Mount Index, East Face of the Middle Peak. To the climbers of the Pacific Northwest the three peaks of Mount Index have always presented a challenge. A series of remarkable and difficult ascents beginning in 1929 culminated with the ascent of the west face of the Middle Peak in 1960. The only remaining problem, and certainly the most challenging, was the east face of the Middle Peak. This is the most isolated of the three peaks, rising over 2000 feet from the west, and almost 3000 feet on the east face above Lake Serene. Not only would the ascent be a problem, but this would have to be followed by ascents and descents of either the North or Main Peaks. Eric Bjornstad and I set off early on the morning of August 18, circled Lake Serene, and approached the wall equipped, if necessary, to spend three days. Our intention was a continuous ascent without fixed ropes, even though they were used on the shorter east face of the North Peak. We climbed several hundred feet up the southern edge of the east face of the North Peak before roping. After two class V pitches we were at the extremely deep 2000-foot couloir separating the North and Middle Peaks. After crossing this rock-strafed couloir, we continued up the rock buttress to the left. After some 600 feet of easy and moderate roped climbing, with some very difficult brush, we arrived at a vertical step in the rib at 5 p.m. The piton cracks in this step were poor, and the rock brittle. One knife-blade piton shattered the apparently solid rock almost like an explosion, and both rock and piton vanished into the abyss. Another piton took half an hour to place. At the end of the rope I found myself still 30 feet below a ledge. I partially wedged one leg behind a giant, loose block, and anchored myself to a small and insecure bush to bring Eric up. He continued on over a shorter but equally difficult pitch, indicating that the pitons were still poor. He reached the ledge and I followed in the darkness, pulling some of the pitons out with my hands. Bivouac was made on two separate, sloping ledges, fifty feet above.
An incident occurred the next morning which would have had most serious consequences had I not been wearing a hard hat. With Eric in the lead, a large rock quite unnoticeably wedged under a bush came loose and fell about 70 feet landing squarely on my head. Both straps of the hard hat broke, and the hat itself was cracked. It is fortunate that the rock landed squarely on my head, for a rescue in this inaccessible spot forced by a broken arm or shoulder would have been on a scale of no other ever undertaken in Washington.

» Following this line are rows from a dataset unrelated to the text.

(* $\mathrm{Md}$ is a finite complete axiomatisation of the equational theory of cancellation meadows: for all $\Sigma_m$-terms $r,s$, $\mathrm{Md}\vdash r=s$ if and only if $r=s$ holds in every $\Sigma_m$-structure satisfying $\mathrm{Md}$ and the inverse law $\mathrm{IL}$.
   Context: $\Sigma_m=(0,1,+,\cdot,-,{}^{-1})$; $\mathrm{Md}$ is the set of equations $(x+y)+z=x+(y+z)$, $x+y=y+x$, $x+0=x$, $x+(-x)=0$, $(x\cdot y)\cdot z=x\cdot(y\cdot z)$, $x\cdot y=y\cdot x$, $1\cdot x=x$, $x\cdot(y+z)=x\cdot y+x\cdot z$, $(x^{-1})^{-1}=x$, $x\cdot(x\cdot x^{-1})=x$. The inverse law $\mathrm{IL}$ is the conditional axiom $x\neq 0\rightarrow x\cdot x^{-1}=1$. $\vdash$ is derivability in equational logic. *)

theory Defs
  imports Main "HOL-Library.Infinite_Typeclass"
begin

datatype mterm =
    Var nat
  | Zero
  | One
  | Add mterm mterm
  | Mul mterm mterm
  | Neg mterm
  | Inv mterm

fun subst :: "(nat \<Rightarrow> mterm) \<Rightarrow> mterm \<Rightarrow> mterm" where
  "subst \<sigma> (Var i) = \<sigma> i"
| "subst \<sigma> Zero = Zero"
| "subst \<sigma> One = One"
| "subst \<sigma> (Add a b) = Add (subst \<sigma> a) (subst \<sigma> b)"
| "subst \<sigma> (Mul a b) = Mul (subst \<sigma> a) (subst \<sigma> b)"
| "subst \<sigma> (Neg a) = Neg (subst \<sigma> a)"
| "subst \<sigma> (Inv a) = Inv (subst \<sigma> a)"

inductive derivable :: "(mterm \<times> mterm) set \<Rightarrow> mterm \<Rightarrow> mterm \<Rightarrow> bool" for E where
  ax: "(l, r) \<in> E \<Longrightarrow> derivable E (subst \<sigma> l) (subst \<sigma> r)"
| refl: "derivable E t t"
| sym: "derivable E t u \<Longrightarrow> derivable E u t"
| trans: "derivable E t u \<Longrightarrow> derivable E u v \<Longrightarrow> derivable E t v"
| cong_Add: "derivable E a a' \<Longrightarrow> derivable E b b' \<Longrightarrow> derivable E (Add a b) (Add a' b')"
| cong_Mul: "derivable E a a' \<Longrightarrow> derivable E b b' \<Longrightarrow> derivable E (Mul a b) (Mul a' b')"
| cong_Neg: "derivable E a a' \<Longrightarrow> derivable E (Neg a) (Neg a')"
| cong_Inv: "derivable E a a' \<Longrightarrow> derivable E (Inv a) (Inv a')"

definition Md :: "(mterm \<times> mterm) set" where
  "Md = (let x = Var 0; y = Var 1; z = Var 2 in
   { (Add (Add x y) z, Add x (Add y z)),
     (Add x y, Add y x),
     (Add x Zero, x),
     (Add x (Neg x), Zero),
     (Mul (Mul x y) z, Mul x (Mul y z)),
     (Mul x y, Mul y x),
     (Mul One x, x),
     (Mul x (Add y z), Add (Mul x y) (Mul x z)),
     (Inv (Inv x), x),
     (Mul x (Mul x (Inv x)), x) })"

record 'a mstruct =
  car :: "'a set"
  zero :: 'a
  one :: 'a
  add :: "'a \<Rightarrow> 'a \<Rightarrow> 'a"
  mul :: "'a \<Rightarrow> 'a \<Rightarrow> 'a"
  neg :: "'a \<Rightarrow> 'a"
  inv :: "'a \<Rightarrow> 'a"

definition is_mstruct :: "('a, 'b) mstruct_scheme \<Rightarrow> bool" where
  "is_mstruct S \<longleftrightarrow>
     zero S \<in> car S \<and> one S \<in> car S \<and>
     (\<forall>x\<in>car S. \<forall>y\<in>car S. add S x y \<in> car S \<and> mul S x y \<in> car S) \<and>
     (\<forall>x\<in>car S. neg S x \<in> car S \<and> inv S x \<in> car S)"

fun eval :: "('a, 'b) mstruct_scheme \<Rightarrow> (nat \<Rightarrow> 'a) \<Rightarrow> mterm \<Rightarrow> 'a" where
  "eval S v (Var i) = v i"
| "eval S v Zero = zero S"
| "eval S v One = one S"
| "eval S v (Add a b) = add S (eval S v a) (eval S v b)"
| "eval S v (Mul a b) = mul S (eval S v a) (eval S v b)"
| "eval S v (Neg a) = neg S (eval S v a)"
| "eval S v (Inv a) = inv S (eval S v a)"

definition valid_in :: "('a, 'b) mstruct_scheme \<Rightarrow> mterm \<Rightarrow> mterm \<Rightarrow> bool" where
  "valid_in S r s \<longleftrightarrow> (\<forall>v. (\<forall>i. v i \<in> car S) \<longrightarrow> eval S v r = eval S v s)"
lemma perm_Q_mult_vec_reindex:
  assumes F: "F \<subseteq> {0..<n}" and z: "z \<in> carrier_vec n"
  shows "perm_Q n F *\<^sub>v vec n (\<lambda>j. z $ (col_order n F ! j)) = z"
proof (rule eq_vecI)
  fix i assume "i < dim_vec z"
  then obtain j where j: "j < n" and i: "col_order n F ! j = i" using z col_order_nthE[OF F] by auto
  show "(perm_Q n F *\<^sub>v vec n (\<lambda>j. z $ (col_order n F ! j))) $ i = z $ i"
    using perm_Q_mult_vec_col_order[OF F j, of "vec n (\<lambda>j. z $ (col_order n F ! j))"] j
    unfolding i by (simp add: i)
qed (use z in \<open>simp add: perm_Q_def\<close>)

lemma dim_completion[simp]:
  "dim_row (completion k t M) = dim_row M" "dim_col (completion k t M) = dim_col M"
  unfolding completion_def by auto

lemma index_completion[simp]:
  "i < dim_row M \<Longrightarrow> j < dim_col M \<Longrightarrow> completion k t M $$ (i,j) = aff_eval k t (M $$ (i,j))"
  unfolding completion_def by auto

lemma aff_eval_zero_aff: "zero_aff e \<Longrightarrow> aff_eval k t e = 0"
  by (simp add: zero_aff_def aff_eval_def)

lemma completion_aff_lmult:
  assumes R: "R \<in> carrier_mat m (dim_row M)"
  shows "completion k t (aff_lmult R M) = R * completion k t M"
proof (rule eq_matI)
  fix i j assume "i < dim_row (R * completion k t M)" "j < dim_col (R * completion k t M)"
  then have i: "i < m" and j: "j < dim_col M" using R by auto
  let ?m' = "dim_row M"
  have "completion k t (aff_lmult R M) $$ (i,j) =
     (\<Sum>l<?m'. R $$ (i,l) * fst (M $$ (l,j))) + (\<Sum>v<k. (\<Sum>l<?m'. R $$ (i,l) * snd (M $$ (l,j)) v) * t v)"
    using i j R unfolding completion_def aff_lmult_def aff_eval_def by auto
  also have "\<dots> = (\<Sum>l<?m'. R $$ (i,l) * (fst (M $$ (l,j)) + (\<Sum>v<k. snd (M $$ (l,j)) v * t v)))"
    by (simp add: sum_distrib_left sum_distrib_right sum.distrib algebra_simps sum.swap[of _ "{..<k}"])
  also have "\<dots> = (R * completion k t M) $$ (i,j)"
    using i j R by (auto simp: scalar_prod_def aff_eval_def lessThan_atLeast0 intro!: sum.cong)
  finally show "completion k t (aff_lmult R M) $$ (i,j) = (R * completion k t M) $$ (i,j)" .
qed (use R in \<open>auto simp: aff_lmult_def\<close>)

lemma completion_aff_rmult:
  assumes Q: "Q \<in> carrier_mat (dim_col M) q"
  shows "completion k t (aff_rmult M Q) = completion k t M * Q"
proof (rule eq_matI)
  fix i j assume "i < dim_row (completion k t M * Q)" "j < dim_col (completion k t M * Q)"
  then have i: "i < dim_row M" and j: "j < q" using Q by auto
  let ?n' = "dim_col M"
  have "completion k t (aff_rmult M Q) $$ (i,j) =
     (\<Sum>l<?n'. fst (M $$ (i,l)) * Q $$ (l,j)) + (\<Sum>v<k. (\<Sum>l<?n'. snd (M $$ (i,l)) v * Q $$ (l,j)) * t v)"
    using i j Q unfolding completion_def aff_rmult_def aff_eval_def by auto
  also have "\<dots> = (\<Sum>l<?n'. (fst (M $$ (i,l)) + (\<Sum>v<k. snd (M $$ (i,l)) v * t v)) * Q $$ (l,j))"
    by (simp add: sum_distrib_left sum_distrib_right sum.distrib algebra_simps sum.swap[of _ "{..<k}"])
  also have "\<dots> = (completion k t M * Q) $$ (i,j)"
    using i j Q by (auto simp: scalar_prod_def aff_eval_def lessThan_atLeast0 intro!: sum.cong)
  finally show "completion k t (aff_rmult M Q) $$ (i,j) = (completion k t M * Q) $$ (i,j)" .
qed (use Q in \<open>auto simp: aff_rmult_def\<close>)

lemma maxRank_attained:
  obtains t where "vec_space.rank (dim_row N) (completion k t N) = maxRank k N"
proof -
  let ?ranks = "{vec_space.rank (dim_row N) (completion k t N) | t. True}"
  have "?ranks \<subseteq> {0..dim_col N}"
    using vec_space.rank_le_nc[of "completion k _ N" "dim_row N" "dim_col N"] by fastforce
  then have "Max ?ranks \<in> ?ranks" by (intro Max_in) (auto intro: finite_subset)
  then show thesis using that unfolding maxRank_def by auto
qed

Some 500 feet above our bivouac we came to giant steps and towers in the rib. We passed the first 300-foot tower on the right, and while regaining the notch on the other side encountered an extremely rotten artificial pitch. The next tower was also bypassed on the right by an indistinct ledge system that we had studied from below. Regaining the ridge we ascended the remaining 500 feet, arriving at the summit early in the afternoon. This was the fourth ascent, each being by a new route. We descended to the notch between the Middle and Main Peaks, where we rested and replenished our water supply. Following a bivouac on the north face of the Main Peak, we arrived on the summit the next morning, bringing our adventure to an end.